= Warichi =

Former Japanese land distribution practice

Warichi or wari-chi (Japanese: 割地), literally "dividing the land", is a redistribution and communal management practice for arable land in Japan. It became common during the early modern era (seventeenth to nineteenth-century). It was used as a means of managing flood impacts. The practice was continued by tenant unions into at least the 1980s. It had influence upon the makeup of Japanese society.

Villages that practiced warichi periodically reassigned land to local farmers. The process used unbiased and random techniques, including lottery groups (kuji kumi), to ensure that all families would receive similar proportions of good and marginal lands. Families were allowed to do with land rights as they saw fit, e.g. buy, sell, rent, bequeath, or inherit. Cultivation rights for the land were equivalent to stock shares in a village agricultural corporation. Preparatory surveys for redistribution could take months.
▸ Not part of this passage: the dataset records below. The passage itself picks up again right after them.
(* A $*$-ring $R$ is a generalized Rickart $*$-ring if and only if $R$ has a unity element and for each $x\in R$ there exist a projection $e\in R$ and $n\in\mathbb N$ such that $r(x^n)=r(e)$.
   Context: A $*$-ring is an associative ring $R$ with an involution $x\mapsto x^*$ (additive, $(xy)^*=y^*x^*$, $x^{**}=x$). A projection is an element $e$ with $e=e^*=e^2$. For $a\in R$, $r(a)=\{b\in R: ab=0\}$. $R$ is a generalized Rickart $*$-ring if for every $x\in R$ there exist a positive integer $n$ and a projection $g$ with $r(x^n)=gR$. *)

theory Defs
  imports Main
begin

definition is_involution :: "('a::ring \<Rightarrow> 'a) \<Rightarrow> bool" where
  "is_involution s \<longleftrightarrow>
     (\<forall>x y. s (x + y) = s x + s y) \<and>
     (\<forall>x y. s (x * y) = s y * s x) \<and>
     (\<forall>x. s (s x) = x)"

definition is_projection :: "('a::ring \<Rightarrow> 'a) \<Rightarrow> 'a \<Rightarrow> bool" where
  "is_projection s e \<longleftrightarrow> e = s e \<and> e = e * e"

definition rann :: "'a::ring \<Rightarrow> 'a set" where
  "rann a = {b. a * b = 0}"

definition rideal :: "'a::ring \<Rightarrow> 'a set" where
  "rideal g = {g * y | y. True}"

text \<open>Positive powers in a possibly non-unital ring: rpow x n = x^n for n \<ge> 1
  (the value at n = 0 is an arbitrary convention and never used).\<close>
fun rpow :: "'a::ring \<Rightarrow> nat \<Rightarrow> 'a" where
  "rpow x 0 = 0"
| "rpow x (Suc 0) = x"
| "rpow x (Suc (Suc n)) = x * rpow x (Suc n)"

definition has_unity :: "'a::ring itself \<Rightarrow> bool" where
  "has_unity _ \<longleftrightarrow> (\<exists>u::'a. \<forall>x. u * x = x \<and> x * u = x)"

definition generalized_rickart :: "('a::ring \<Rightarrow> 'a) \<Rightarrow> bool" where
  "generalized_rickart s \<longleftrightarrow>
     (\<forall>x. \<exists>n>0. \<exists>g. is_projection s g \<and> rann (rpow x n) = rideal g)"

end

theory Submission
  imports Defs
begin

text \<open>Since 0^n = 0, the generalized Rickart condition for x = 0 says that R = gR for a
  projection g; a self-adjoint left identity is a two-sided identity, so R is unital. In a
  unital *-ring the right ideals of the form gR with g a projection are exactly the right
  annihilators r(e) of projections, because r(e) = (1 - e)R and 1 - e is again a projection.\<close>

lemma rpow_0_left: "n > 0 \<Longrightarrow> rpow (0::'a::ring) n = 0"
  by (cases "(0::'a, n)" rule: rpow.cases) auto

lemma involution_diff: "is_involution s \<Longrightarrow> s ((a::'a::ring) - b) = s a - s b"
  unfolding is_involution_def by (metis add_diff_cancel diff_add_cancel)

lemma involution_fixes_right_unity:
  fixes u :: "'a::ring"
  assumes inv: "is_involution s" and right: "\<And>x. x * u = x"
  shows "s u = u"
proof -
  have "u = s (s u * u)" using inv right unfolding is_involution_def by simp
  also have "\<dots> = s u * s (s u)" using inv unfolding is_involution_def by blast
  also have "\<dots> = s u" using inv right unfolding is_involution_def by simp
  finally show ?thesis by simp
qed

lemma self_adjoint_left_unity_is_right_unity:
  fixes g :: "'a::ring"
  assumes inv: "is_involution s" and "s g = g" and left: "\<And>x. g * x = x"
  shows "y * g = y"
proof -
  have "y * g = s (s y) * s g" using inv \<open>s g = g\<close> unfolding is_involution_def by simp
  also have "\<dots> = s (g * s y)" using inv unfolding is_involution_def by simp
  also have "\<dots> = y" using inv left unfolding is_involution_def by simp
  finally show ?thesis .
qed

lemma projection_complement:
  fixes u e :: "'a::ring"
  assumes inv: "is_involution s" and left: "\<And>x. u * x = x" and right: "\<And>x. x * u = x"
    and e: "is_projection s e"
  shows "is_projection s (u - e)"
proof -
  have "e * e = e" "s e = e" using e unfolding is_projection_def by auto
  moreover have "s u = u" using involution_fixes_right_unity[OF inv right] .
  ultimately show ?thesis
    unfolding is_projection_def
    by (simp add: involution_diff[OF inv] left_diff_distrib right_diff_distrib left right)
qed

lemma rann_projection:
  fixes u e :: "'a::ring"
  assumes left: "\<And>x. u * x = x" and right: "\<And>x. x * u = x" and e: "is_projection s e"
  shows "rann e = rideal (u - e)"
proof (intro set_eqI iffI)
  have ee: "e * e = e" using e unfolding is_projection_def by simp
  fix b
  show "b \<in> rideal (u - e)" if "b \<in> rann e"
  proof -
    have "b = (u - e) * b" using that unfolding rann_def by (simp add: left_diff_distrib left)
    then show ?thesis unfolding rideal_def by blast
  qed
  show "b \<in> rideal (u - e) \<Longrightarrow> b \<in> rann e"
    unfolding rann_def rideal_def
    by (auto simp: right_diff_distrib right ee mult.assoc[symmetric])
qed

lemma projection_rideal_iff_rann:
  fixes u :: "'a::ring" and A :: "'a set"
  assumes inv: "is_involution s" and left: "\<And>x. u * x = x" and right: "\<And>x. x * u = x"
  shows "(\<exists>g. is_projection s g \<and> A = rideal g) \<longleftrightarrow> (\<exists>e. is_projection s e \<and> A = rann e)"
proof
  assume "\<exists>g. is_projection s g \<and> A = rideal g"
  then obtain g where g: "is_projection s g" and "A = rideal g" by blast
  then have "A = rann (u - g)"
    using rann_projection[OF left right projection_complement[OF inv left right g]] by simp
  then show "\<exists>e. is_projection s e \<and> A = rann e"
    using projection_complement[OF inv left right g] by blast
next
  assume "\<exists>e. is_projection s e \<and> A = rann e"
  then show "\<exists>g. is_projection s g \<and> A = rideal g"
    using rann_projection[OF left right] projection_complement[OF inv left right] by blast
qed

lemma generalized_rickart_has_unity:
  assumes inv: "is_involution (s :: 'a::ring \<Rightarrow> 'a)" and "generalized_rickart s"
  shows "has_unity TYPE('a)"
proof -
  obtain n g where "n > 0" and g: "is_projection s g" and "rann (rpow (0::'a) n) = rideal g"
    using \<open>generalized_rickart s\<close> unfolding generalized_rickart_def by blast
  then have "rideal g = UNIV" by (simp add: rann_def rpow_0_left)
  have left: "g * x = x" for x
  proof -
    obtain y where "x = g * y" using \<open>rideal g = UNIV\<close> unfolding rideal_def by blast
    with g show ?thesis unfolding is_projection_def by (metis mult.assoc)
  qed
  moreover have "s g = g" using g unfolding is_projection_def by simp
  ultimately show ?thesis
    unfolding has_unity_def using self_adjoint_left_unity_is_right_unity[OF inv] by blast
qed

theorem mainTheorem7:
  fixes s :: "'a::ring \<Rightarrow> 'a"
  assumes "is_involution s"
  shows "generalized_rickart s \<longleftrightarrow>
    (has_unity TYPE('a) \<and>
     (\<forall>x::'a. \<exists>e n. is_projection s e \<and> n > 0 \<and> rann (rpow x n) = rann e))"
proof (cases "has_unity TYPE('a)")
  case True
  then obtain u :: 'a where left: "\<And>x. u * x = x" and right: "\<And>x. x * u = x"
    unfolding has_unity_def by blast
  show ?thesis
    unfolding generalized_rickart_def
    using projection_rideal_iff_rann[OF assms left right] True by metis
next
  case False
  then show ?thesis using generalized_rickart_has_unity[OF assms] by blast
qed

end
(* Let $f\in\mathcal{F}(\Delta,L)$ with $x_1=x_0$, let the stochastic oracle have variance at most $\sigma^2$, and let $G=\sqrt{L^2+\sigma^2}$. Run Stochastic INGD (described in the context) with parameters $\beta\in(0,1)$, $p>0$, $q>0$ satisfying $\frac{pG}{q}\le\frac{\beta}{2}$. Then for every $T\ge1$, $$\frac1T\sum_{t=1}^T\mathbb{E}\Big[\frac{q\|m_t\|^2}{p\|m_t\|+q}\Big]\le\frac{4q\Delta}{T}+\frac{2\beta G^2}{T(1-\beta)}+\frac{2(1-\beta)G^2}{\beta}.$$
   Context: $\mathcal{F}(\Delta,L)$: $L$-Lipschitz, everywhere Hadamard directionally differentiable $f:\mathbb{R}^n\to\mathbb{R}$ with $f(x_0)-\inf f\le\Delta$. Hadamard directional derivative: $f'(x;d)=\lim_{t\to0^+}(f(\varphi(t))-f(x))/t$ for all $\varphi$ with $\varphi(0)=x$, $\lim_{t\to 0^+}(\varphi(t)-x)/t=d$. Stochastic oracle: $\mathbb{O}(x,d)$ returns (with fresh randomness, independent of the past given the query) a random vector $g$ with $\mathbb{E}[g]=g_x$, where $g_x\in\partial f(x)$ (Clarke generalized gradient) satisfies $\langle g_x,d\rangle=f'(x;d)$, and $\mathbb{E}\|g-g_x\|^2\le\sigma^2$; no function values are returned. Stochastic INGD$(x_1,p,q,\beta,T,K)$: set $m_1$ to the output of $\mathbb{O}(x_1,0)$; for $t=1,\dots,T$: $x_{t+1}=x_t-\eta_t m_t$ with $\eta_t=\frac{1}{p\|m_t\|+q}$; sample $y_{t+1}$ uniformly on the segment $[x_t,x_{t+1}]$; let $g(y_{t+1})$ be the output of $\mathbb{O}(y_{t+1},-m_t)$; set $m_{t+1}=\beta m_t+(1-\beta)g(y_{t+1})$. Finally sample $i$ uniformly from $\{1,\dots,T\}$ and return $x_{\max\{i-K,1\}}$. *)

theory Defs
  imports "HOL-Analysis.Analysis" "HOL-Probability.Probability"
begin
Some land was excluded from the process, and might be given to village or district officials, or allowed to lie fallow. In the Tokugawa period, land of minimal use, such as mountains or islands, was saved for individuals facing unforeseeable circumstances, which allowed the system to function as an insurance policy.

Landed was not distributed on a per capita basis but had alternative social functions such as, e.g. controlling risk, providing incentives to encourage participating in other village projects, reducing social conflict, and maximizing tax payments. The system worked most effectively where it was implemented and managed by locals rather than forced by government.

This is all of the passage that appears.